Recommendation: While it’s not a home run like season one of Veep, it’s still built a solid base for season two. And it might just be the perfect show to distract for the current world climate. 8/10.

IMDB Synopsis: The troubled crew of Avenue 5, a space cruise ship filled with spoiled, rich, snotty space tourists, must try and keep everyone calm after their ship gets thrown off course into space and ends up needing three years to return to Earth.

Space travel has never been less glamorous or more comically fraught than in Armando Iannucci’s new show, Avenue 5. If you’re familiar with Iannucci’s brand of dry, sharp, sarcastic, foul-mouthed comedy, then think of Avenue 5 as less caustic than Veep, but much more relatable than The Death of Stalin. The HBO comedy features a well known cast—Hugh Laurie, Josh Gad, Zach Woods—but Avenue 5 is an all-hands-on-deck comedy with incredible supporting performances.

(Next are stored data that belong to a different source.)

lemma add_first_arc_surj:
  assumes N: "is_matching (n + 1) N"
  obtains M g where "is_matching n M" "g \<le> 2 * n" "N = add_first_arc g M"
proof -
  obtain c where c: "(1, c) \<in> N" "2 \<le> c" "c \<le> 2 * n + 2"
    using is_matching_first_arc[OF N] by auto
  define g where "g = c - 2"
  define Q where "Q = {1..2 * n + 2} - {1, c}"
  define u where "u x = (if x < c then x - 1 else x - 2)" for x \<comment> \<open>inverse of gap_shift g on Q\<close>
  define M where "M = map_prod u u ` (N - {(1, c)})"
  have Q: "perfect_matching_on Q (N - {(1, c)})"
    unfolding Q_def using N c(1) perfect_matching_on_Diff by (simp add: is_matching_iff_perfect_matching_on)
  have "strict_mono_on Q u" unfolding strict_mono_on_def monotone_on_def Q_def u_def by auto
  moreover have "u ` Q = {1..2 * n}"
  proof
    show "u ` Q \<subseteq> {1..2 * n}" unfolding Q_def u_def using c by auto
  next
    show "{1..2 * n} \<subseteq> u ` Q"
    proof
      fix y assume "y \<in> {1..2 * n}"
      then have "(if y + 1 < c then y + 1 else y + 2) \<in> Q" "y = u (if y + 1 < c then y + 1 else y + 2)"
        using c unfolding Q_def u_def by auto
      then show "y \<in> u ` Q" by blast
    qed
  qed
  ultimately have "is_matching n M"
    using perfect_matching_on_image[OF Q] unfolding M_def is_matching_iff_perfect_matching_on by metis
  have "gap_shift g (u x) = x" if "x \<in> Q" for x
    using that c unfolding gap_shift_def u_def g_def Q_def by auto
  then have "map_prod (gap_shift g) (gap_shift g) (map_prod u u e) = e" if "e \<in> N - {(1, c)}" for e
    using that perfect_matching_onD[OF Q, of "fst e" "snd e"] by (cases e) simp
  then have "map_prod (gap_shift g) (gap_shift g) ` M = (\<lambda>e. e) ` (N - {(1, c)})"
    unfolding M_def image_image by (rule image_cong[OF refl])
  moreover have "g + 2 = c" using c g_def by simp
  ultimately have "N = add_first_arc g M"
    unfolding add_first_arc_def using c(1) by (simp add: insert_absorb)
  moreover have "g \<le> 2 * n" using c g_def by simp
  ultimately show thesis using that \<open>is_matching n M\<close> by blast
qed

lemma bij_betw_add_first_arc:
  "bij_betw (\<lambda>(M, g). add_first_arc g M) ({M. is_matching n M} \<times> {..2 * n}) {N. is_matching (n + 1) N}"
proof (rule bij_betw_imageI)
  show "inj_on (\<lambda>(M, g). add_first_arc g M) ({M. is_matching n M} \<times> {..2 * n})"
  proof (rule inj_onI, clarify)
    fix M g M' g'
    assume "is_matching n M" "is_matching n M'" "add_first_arc g M = add_first_arc g' M'"
    then show "M = M' \<and> g = g'" by (rule add_first_arc_inj)
  qed
  show "(\<lambda>(M, g). add_first_arc g M) ` ({M. is_matching n M} \<times> {..2 * n}) = {N. is_matching (n + 1) N}"
  proof (intro equalityI subsetI)
    fix N assume "N \<in> {N. is_matching (n + 1) N}"
    then obtain M g where "is_matching n M" "g \<le> 2 * n" "N = add_first_arc g M"
      using add_first_arc_surj by blast
    then show "N \<in> (\<lambda>(M, g). add_first_arc g M) ` ({M. is_matching n M} \<times> {..2 * n})" by force
  next
    fix N assume "N \<in> (\<lambda>(M, g). add_first_arc g M) ` ({M. is_matching n M} \<times> {..2 * n})"
    then show "N \<in> {N. is_matching (n + 1) N}" using is_matching_add_first_arc by auto
  qed
qed

section \<open>Pattern occurrences under adding an arc\<close>

text \<open>
  (i, j) stands for the pair of arcs (i + 1, j + 1 + p), (i + 2, j + 2 - p):
  p = 0 encodes the pattern 12 and p = 1 the pattern 21.
\<close>

definition occs :: "nat \<Rightarrow> (nat \<times> nat) set \<Rightarrow> (nat \<times> nat) set" where
  "occs p M = {(i, j). (i + 1, j + 1 + p) \<in> M \<and> (i + 2, j + 2 - p) \<in> M}"

definition occs_cut :: "nat \<Rightarrow> (nat \<times> nat) set \<Rightarrow> nat \<Rightarrow> (nat \<times> nat) set" where
  "occs_cut p M g = {(i, j) \<in> occs p M. g = i + 1 \<or> g = j + 1}"

definition shift_occ :: "nat \<Rightarrow> nat \<times> nat \<Rightarrow> nat \<times> nat" where
  "shift_occ g = (\<lambda>(i, j). (gap_shift g (i + 1) - 1, gap_shift g (j + 1) - 1))"

lemma mem_occs: "(i, j) \<in> occs p M \<longleftrightarrow> (i + 1, j + 1 + p) \<in> M \<and> (i + 2, j + 2 - p) \<in> M"
  unfolding occs_def by simp

lemma occ21_eq_card_occs: "occ21 M = card (occs 1 M)"
  unfolding occ21_def occs_def by simp

lemma occ12_eq_card_occs: "occ12 M = card (occs 0 M)"
  unfolding occ12_def occs_def by simp

lemma finite_occs:
  assumes "is_matching n M"
  shows "finite (occs p M)"
proof (rule finite_subset)
  show "occs p M \<subseteq> {..2 * n} \<times> {..2 * n}"
    unfolding occs_def using is_matchingD[OF assms] by fastforce
qed simp

lemma occs_cut_subset: "occs_cut p M g \<subseteq> occs p M"
  unfolding occs_cut_def by auto

lemma occs_eq_if_common_point:
  assumes M: "is_matching n M" and p: "p \<le> 1"
    and x: "(i, j) \<in> occs p M" and y: "(i', j') \<in> occs p M"
    and common: "{i + 1, j + 1} \<inter> {i' + 1, j' + 1} \<noteq> {}"
  shows "(i, j) = (i', j')"
proof -
  have P: "perfect_matching_on {1..2 * n} M" using M by (simp add: is_matching_iff_perfect_matching_on)
  have A: "(i + 1, j + 1 + p) \<in> M" "(i + 2, j + 2 - p) \<in> M"
    and A': "(i' + 1, j' + 1 + p) \<in> M" "(i' + 2, j' + 2 - p) \<in> M"
    using x y unfolding occs_def by auto
  consider "p = 0" | "p = 1" using p by arith
  then show ?thesis
  proof cases
    case 1
    then show ?thesis using perfect_matching_on_arc_eq[OF P A(1) A'(1)] common by auto
  next
    case 2
    then show ?thesis
      using perfect_matching_on_arc_eq[OF P A(1) A'(1)] perfect_matching_on_arc_eq[OF P A(2) A'(2)]
        perfect_matching_on_arc_eq[OF P A(1) A'(2)] perfect_matching_on_arc_eq[OF P A(2) A'(1)]
        is_matchingD[OF M A(1)] is_matchingD[OF M A'(1)] common
      by auto
  qed
qed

Despite being set in well-tread territory—outer space—Avenue 5 doesn’t take itself too seriously, in typical Iannucci absurdist fashion, pulling back just a bit.

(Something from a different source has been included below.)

(* Let $Q$ be a blooming quantale and $\mathcal{F}\in\operatorname{mF}(Q)$. The following are equivalent: (a) $\mathcal{F}$ is normal over $Q$; (b) $\mathcal{F}$ is locally solid; (c) $\mathcal{F}$ is normal over every blooming $Q$-module.
   Context: A quantale is a poset $Q$ with all nonempty joins $\sum$ (no bottom required), top $1$, commutative associative multiplication with unit $1$ distributing over nonempty joins; a $Q$-module is a poset $M$ with all nonempty joins and an associative unital action distributing over nonempty joins in each variable ($Q$ is a module over itself). An m-filter is a subset of $Q$ containing $1$, upward closed and closed under multiplication. Write $x\le^*\sum_{i\in I}x_i$ if $x\le\sum_{i\in I_0}x_i$ for some finite nonempty $I_0\subseteq I$. $\mathcal{N}$ is normal over $M$ if for all $s\in\mathcal{N}$, $m\in M$ and families $(m_i)_{i\in I}$ in $M$ with $sm\le\sum_im_i$, there exist families $(m'_j)_{j\in J}$ in $M$ and $(s_j)_{j\in J}$ in $\mathcal{N}$ with $m\le\sum_jm'_j$ and $s_jm'_j\le^*\sum_im_i$ for all $j$. $\mathcal{F}$ is locally solid if there is a nonempty $W\subseteq Q$ with $\sum W=1$ such that for every $w\in W$ and every nonempty family $(x_i)$ with $\sum_ix_i\in\mathcal{F}$ there is $t\in\mathcal{F}$ with $tw\le^*\sum_ix_i$. Suspension: order nonempty subsets of a complete semilattice $L$ by $S\le T$ iff each $s\in S$ satisfies $s\le^*\sum T$; $\Sigma L$ is the poset of equivalence classes, $\sigma_L(S)=\sum S$; $\Sigma Q$ has product $S\cdot T=\{st\}$ and acts on $\Sigma M$ by $S\cdot A=\{sa\}$. A left adjoint of $\sigma_L$ is an order-preserving $\sigma_L^\flat$ with $\sigma_L^\flat(x)\le S\iff x\le\sigma_L(S)$. $Q$ is blooming if $\sigma_Q^\flat$ exists and $\sigma_Q^\flat(ab)=\sigma_Q^\flat(a)\cdot\sigma_Q^\flat(b)$; for blooming $Q$, $M$ is blooming if $\sigma_M^\flat$ exists and $\sigma_M^\flat(qm)=\sigma_Q^\flat(q)\cdot\sigma_M^\flat(m)$. *)

theory Defs
  imports Main
begin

Set in the near future (~40 years) on a Judd Space Travel luxury ship, the Avenue 5, the show takes no time introducing the ridiculous characters whose archetypes border on caricature: The all-bravado BS captain Ryan Clark (Laurie), the ignorant mega-rich owner Herman Judd (Gad), the extremely Type-A assistant Iris Kimura (Suzy Nakamura), the laid-back-but-over-her-head engineer Billie McEvoy (Lenora Crichlow), the creepy introvert customer relations rep Matt Spencer (Zach Woods), and a host of others that you’ll come to know and love/hate/cringe at over the nine-episode arc. Pushed off course at launch, the central conceit of the show is that the ship will take three years, not eight weeks, to return to Earth. Essentially, the show is a bottle series where the crew must navigate unruly passengers, technical difficulties in space, and their own sanity.

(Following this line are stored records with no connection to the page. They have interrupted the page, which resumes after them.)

lemma mform_mapply: "mform T F G w v = (\<Sum>j\<in>F. cnj (w j) * mapply T G v j)"
  unfolding mform_def mapply_def by (simp add: sum_distrib_left mult.assoc)

lemma mform_le_opnorm:
  assumes "bounded_op T" "finite F" "finite G" "sqnorm F w \<le> 1" "sqnorm G v \<le> 1"
  shows "cmod (mform T F G w v) \<le> opnorm T"
proof -
  have "cmod (mform T F G w v) \<in> form_values T"
    unfolding form_values_eq using assms by blast
  then show ?thesis
    using assms(1) unfolding bounded_op_def opnorm_def by (simp add: cSup_upper)
qed

lemma opnorm_nonneg: "bounded_op T \<Longrightarrow> 0 \<le> opnorm T"
  using mform_le_opnorm[of T "{}" "{}"] by (simp add: mform_def sqnorm_def)

lemma bounded_op_opnorm_leI:
  assumes "\<And>F G w v. finite F \<Longrightarrow> finite G \<Longrightarrow> sqnorm F w \<le> 1 \<Longrightarrow> sqnorm G v \<le> 1 \<Longrightarrow>
    cmod (mform T F G w v) \<le> C"
  shows "bounded_op T \<and> opnorm T \<le> C"
proof -
  have "cmod (mform T {} {} w v) \<in> form_values T" for w v
    unfolding form_values_eq by (rule CollectI, intro exI conjI) (auto simp: sqnorm_def)
  then have "form_values T \<noteq> {}" by blast
  moreover have "\<And>x. x \<in> form_values T \<Longrightarrow> x \<le> C"
    unfolding form_values_eq using assms by blast
  ultimately show ?thesis
    unfolding bounded_op_def opnorm_def by (meson bdd_aboveI cSup_least)
qed

lemma opnorm_le_of_form_values_subset:
  fixes T :: "'j \<Rightarrow> 'i \<Rightarrow> complex" and T' :: "'l \<Rightarrow> 'k \<Rightarrow> complex"
  assumes "bounded_op T'" "form_values T \<subseteq> form_values T'"
  shows "bounded_op T \<and> opnorm T \<le> opnorm T'"
proof (rule bounded_op_opnorm_leI)
  fix F :: "'j set" and G :: "'i set" and w v
  assume "finite F" "finite G" "sqnorm F w \<le> 1" "sqnorm G v \<le> 1"
  then have "cmod (mform T F G w v) \<in> form_values T'"
    using assms(2) unfolding form_values_eq by blast
  then show "cmod (mform T F G w v) \<le> opnorm T'"
    using assms(1) unfolding bounded_op_def opnorm_def by (simp add: cSup_upper)
qed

Set in the near future, the showrunner smartly doesn’t get bogged down (or lean too heavily on) future tech like robots or the nitty gritty physics of space travel. It augments the setups with the space/near future setting to great affect: A 30-second delay when communicating with missions control leads to delightfully disastrous results, for instance. And rather than grand, sweeping operas or intense, heart-of-darkness themes that occupy most other shows in space like the wonderful The Expanse or cult-classic Firefly, Avenue 5 is better in the small, human moments. Allowing the characters room to grow as they navigate the trying and uncertain times aboard the ship.

Of course, it’s not to say that Avenue 5 is a complete hit. Sometimes it seems like the show is pulling its punches, afraid to fully wade into the profane or that the chemistry isn’t quite there yet with some of the characters. But it’s got an incredible first season to build off of (HBO ordered a second season), and in time, could develop a Veep-like reputation and fan base. But despite the small shortcomings, Avenue 5 is a hilarious, at times preposterous, comedy that is a welcome respite from our current times (even if only for 30 minutes).

Find it here on HBO.

MVP: The show does focus on Hugh Laurie’s Captain Clark, but the low key MVP might be Zach Woods with his off-brand dark and dry humor.